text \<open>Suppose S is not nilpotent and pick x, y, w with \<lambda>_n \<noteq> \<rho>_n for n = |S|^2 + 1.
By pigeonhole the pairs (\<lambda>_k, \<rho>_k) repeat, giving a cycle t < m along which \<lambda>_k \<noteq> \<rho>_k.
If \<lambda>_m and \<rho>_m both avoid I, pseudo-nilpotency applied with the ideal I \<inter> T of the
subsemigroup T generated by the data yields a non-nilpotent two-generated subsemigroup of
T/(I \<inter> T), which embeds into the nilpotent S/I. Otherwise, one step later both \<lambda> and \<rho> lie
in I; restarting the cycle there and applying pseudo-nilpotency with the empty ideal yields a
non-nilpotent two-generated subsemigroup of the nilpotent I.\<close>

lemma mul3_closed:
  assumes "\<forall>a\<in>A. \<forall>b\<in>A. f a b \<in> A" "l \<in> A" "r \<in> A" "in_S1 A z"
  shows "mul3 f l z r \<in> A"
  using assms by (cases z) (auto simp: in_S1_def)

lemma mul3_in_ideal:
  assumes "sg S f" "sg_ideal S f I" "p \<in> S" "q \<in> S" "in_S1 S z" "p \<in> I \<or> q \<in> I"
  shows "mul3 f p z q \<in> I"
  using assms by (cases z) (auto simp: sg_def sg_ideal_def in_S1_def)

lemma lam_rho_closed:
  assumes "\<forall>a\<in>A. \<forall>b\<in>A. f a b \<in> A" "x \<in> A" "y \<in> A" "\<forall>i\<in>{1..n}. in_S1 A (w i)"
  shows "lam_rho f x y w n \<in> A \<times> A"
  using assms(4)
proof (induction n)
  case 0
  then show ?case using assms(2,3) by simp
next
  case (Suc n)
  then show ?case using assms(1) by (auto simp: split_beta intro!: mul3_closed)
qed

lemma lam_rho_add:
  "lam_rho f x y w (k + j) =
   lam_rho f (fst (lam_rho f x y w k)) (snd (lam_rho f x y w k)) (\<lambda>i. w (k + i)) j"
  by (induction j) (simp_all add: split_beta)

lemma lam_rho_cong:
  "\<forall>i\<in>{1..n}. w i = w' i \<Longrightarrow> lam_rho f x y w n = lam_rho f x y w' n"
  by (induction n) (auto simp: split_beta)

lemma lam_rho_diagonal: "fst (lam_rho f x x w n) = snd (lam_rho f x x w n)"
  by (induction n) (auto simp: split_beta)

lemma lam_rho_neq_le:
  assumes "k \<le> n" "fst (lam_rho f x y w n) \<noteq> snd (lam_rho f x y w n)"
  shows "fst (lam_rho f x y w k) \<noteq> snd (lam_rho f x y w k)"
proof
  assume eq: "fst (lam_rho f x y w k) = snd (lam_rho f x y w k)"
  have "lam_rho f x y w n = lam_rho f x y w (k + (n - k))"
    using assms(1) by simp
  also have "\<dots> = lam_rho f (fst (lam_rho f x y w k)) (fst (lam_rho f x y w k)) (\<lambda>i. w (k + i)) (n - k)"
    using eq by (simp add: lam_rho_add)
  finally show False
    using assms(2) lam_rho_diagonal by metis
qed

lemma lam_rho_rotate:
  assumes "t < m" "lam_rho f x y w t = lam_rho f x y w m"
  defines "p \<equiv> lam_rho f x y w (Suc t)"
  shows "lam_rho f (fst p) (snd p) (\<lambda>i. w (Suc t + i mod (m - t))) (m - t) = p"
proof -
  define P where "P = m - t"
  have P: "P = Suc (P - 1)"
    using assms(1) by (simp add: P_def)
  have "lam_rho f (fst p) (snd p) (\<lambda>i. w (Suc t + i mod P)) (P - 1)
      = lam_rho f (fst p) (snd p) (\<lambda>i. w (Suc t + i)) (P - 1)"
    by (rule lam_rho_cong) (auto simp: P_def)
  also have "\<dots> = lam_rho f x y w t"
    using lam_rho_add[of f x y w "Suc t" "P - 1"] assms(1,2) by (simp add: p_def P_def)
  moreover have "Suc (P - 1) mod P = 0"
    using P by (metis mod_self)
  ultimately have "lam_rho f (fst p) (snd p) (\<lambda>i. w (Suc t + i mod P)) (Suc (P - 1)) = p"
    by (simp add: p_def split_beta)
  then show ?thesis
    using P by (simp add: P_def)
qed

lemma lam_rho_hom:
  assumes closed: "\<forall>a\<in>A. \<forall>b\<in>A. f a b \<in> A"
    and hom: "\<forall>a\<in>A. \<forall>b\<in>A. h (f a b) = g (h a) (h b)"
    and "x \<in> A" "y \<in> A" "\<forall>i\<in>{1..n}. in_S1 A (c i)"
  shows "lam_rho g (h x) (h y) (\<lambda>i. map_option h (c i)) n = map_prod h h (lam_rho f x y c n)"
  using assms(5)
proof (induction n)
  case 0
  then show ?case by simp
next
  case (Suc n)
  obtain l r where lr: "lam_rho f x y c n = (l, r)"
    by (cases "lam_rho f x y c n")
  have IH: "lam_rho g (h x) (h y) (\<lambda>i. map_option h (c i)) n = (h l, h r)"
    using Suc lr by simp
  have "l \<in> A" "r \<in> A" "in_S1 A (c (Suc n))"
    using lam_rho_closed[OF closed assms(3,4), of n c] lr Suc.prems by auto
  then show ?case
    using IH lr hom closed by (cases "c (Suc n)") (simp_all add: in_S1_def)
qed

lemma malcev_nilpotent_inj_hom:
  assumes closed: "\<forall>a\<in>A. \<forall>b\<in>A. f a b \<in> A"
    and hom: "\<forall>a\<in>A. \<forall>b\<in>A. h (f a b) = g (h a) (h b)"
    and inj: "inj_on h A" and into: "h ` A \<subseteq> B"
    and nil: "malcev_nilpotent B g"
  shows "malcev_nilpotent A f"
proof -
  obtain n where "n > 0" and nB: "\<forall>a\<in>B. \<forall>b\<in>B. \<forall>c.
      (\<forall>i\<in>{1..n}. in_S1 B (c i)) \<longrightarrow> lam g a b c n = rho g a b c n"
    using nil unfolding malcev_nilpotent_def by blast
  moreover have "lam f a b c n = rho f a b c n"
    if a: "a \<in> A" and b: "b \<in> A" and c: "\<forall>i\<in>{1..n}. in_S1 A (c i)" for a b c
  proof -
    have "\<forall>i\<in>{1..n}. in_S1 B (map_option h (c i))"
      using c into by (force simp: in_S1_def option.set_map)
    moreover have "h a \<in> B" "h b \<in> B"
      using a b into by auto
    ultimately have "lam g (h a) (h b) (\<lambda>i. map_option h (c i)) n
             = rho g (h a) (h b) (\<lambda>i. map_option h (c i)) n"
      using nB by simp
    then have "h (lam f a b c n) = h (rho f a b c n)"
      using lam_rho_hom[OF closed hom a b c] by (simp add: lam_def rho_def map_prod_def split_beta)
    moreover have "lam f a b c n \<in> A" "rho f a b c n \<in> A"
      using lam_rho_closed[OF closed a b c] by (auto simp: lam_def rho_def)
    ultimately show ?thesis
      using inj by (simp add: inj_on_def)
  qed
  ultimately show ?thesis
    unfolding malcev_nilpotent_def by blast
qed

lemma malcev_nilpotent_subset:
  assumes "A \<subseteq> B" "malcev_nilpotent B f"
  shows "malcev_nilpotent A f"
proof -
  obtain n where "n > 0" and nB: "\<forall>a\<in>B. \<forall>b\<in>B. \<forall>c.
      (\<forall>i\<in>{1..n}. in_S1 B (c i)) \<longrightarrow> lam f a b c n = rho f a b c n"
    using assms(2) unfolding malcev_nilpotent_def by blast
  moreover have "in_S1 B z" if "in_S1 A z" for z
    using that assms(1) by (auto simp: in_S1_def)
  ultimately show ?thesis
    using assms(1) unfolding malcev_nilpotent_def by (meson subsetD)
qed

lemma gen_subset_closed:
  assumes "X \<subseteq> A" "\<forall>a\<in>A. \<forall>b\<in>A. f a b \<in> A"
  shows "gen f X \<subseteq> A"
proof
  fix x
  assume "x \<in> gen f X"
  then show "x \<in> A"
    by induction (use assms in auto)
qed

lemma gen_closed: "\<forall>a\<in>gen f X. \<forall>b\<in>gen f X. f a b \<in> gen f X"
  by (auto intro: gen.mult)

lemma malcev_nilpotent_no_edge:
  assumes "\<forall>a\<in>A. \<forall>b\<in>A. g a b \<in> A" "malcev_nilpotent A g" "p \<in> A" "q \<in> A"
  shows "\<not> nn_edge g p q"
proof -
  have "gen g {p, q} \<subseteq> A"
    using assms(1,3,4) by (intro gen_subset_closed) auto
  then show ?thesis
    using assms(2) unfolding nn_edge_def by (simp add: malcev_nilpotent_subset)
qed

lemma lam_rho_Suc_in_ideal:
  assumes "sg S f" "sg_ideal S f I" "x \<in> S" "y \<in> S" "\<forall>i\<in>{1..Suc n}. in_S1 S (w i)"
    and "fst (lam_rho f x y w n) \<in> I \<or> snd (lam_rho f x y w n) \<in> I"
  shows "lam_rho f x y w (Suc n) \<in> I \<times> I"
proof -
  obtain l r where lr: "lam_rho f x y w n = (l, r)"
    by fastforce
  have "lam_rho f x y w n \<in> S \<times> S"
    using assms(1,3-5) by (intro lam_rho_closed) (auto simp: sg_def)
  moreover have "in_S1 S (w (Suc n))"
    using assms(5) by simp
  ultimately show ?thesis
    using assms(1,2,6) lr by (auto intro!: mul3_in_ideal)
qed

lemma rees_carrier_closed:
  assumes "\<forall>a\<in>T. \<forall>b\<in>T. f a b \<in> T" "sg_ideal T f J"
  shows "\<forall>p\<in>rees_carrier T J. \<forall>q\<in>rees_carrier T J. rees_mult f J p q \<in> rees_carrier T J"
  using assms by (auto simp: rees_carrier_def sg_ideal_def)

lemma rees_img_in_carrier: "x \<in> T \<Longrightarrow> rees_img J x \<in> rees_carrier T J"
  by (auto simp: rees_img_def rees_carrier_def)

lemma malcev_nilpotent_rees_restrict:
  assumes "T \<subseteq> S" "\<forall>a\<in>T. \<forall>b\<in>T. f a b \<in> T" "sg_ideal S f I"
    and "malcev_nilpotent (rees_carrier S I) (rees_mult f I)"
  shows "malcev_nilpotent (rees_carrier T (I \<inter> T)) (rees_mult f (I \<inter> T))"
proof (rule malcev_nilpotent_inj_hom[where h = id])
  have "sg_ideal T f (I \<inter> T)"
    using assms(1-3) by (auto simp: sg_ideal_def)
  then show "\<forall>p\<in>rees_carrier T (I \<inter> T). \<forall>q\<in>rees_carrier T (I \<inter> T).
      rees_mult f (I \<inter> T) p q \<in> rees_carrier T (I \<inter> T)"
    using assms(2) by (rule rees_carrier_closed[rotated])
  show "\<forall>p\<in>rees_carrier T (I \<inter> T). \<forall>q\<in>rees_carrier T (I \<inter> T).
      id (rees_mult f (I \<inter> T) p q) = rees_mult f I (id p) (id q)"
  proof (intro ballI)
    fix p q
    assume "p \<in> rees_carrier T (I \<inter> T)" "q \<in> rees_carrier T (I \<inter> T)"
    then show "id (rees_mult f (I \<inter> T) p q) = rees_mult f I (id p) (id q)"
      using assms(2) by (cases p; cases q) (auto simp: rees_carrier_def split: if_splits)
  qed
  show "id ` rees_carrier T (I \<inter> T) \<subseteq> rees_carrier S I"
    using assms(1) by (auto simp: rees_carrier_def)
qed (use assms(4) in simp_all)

◆ ◆ ◆ ◆ ◆

From the records above, report the number of lines that hold the string "generated" and add nothing.

2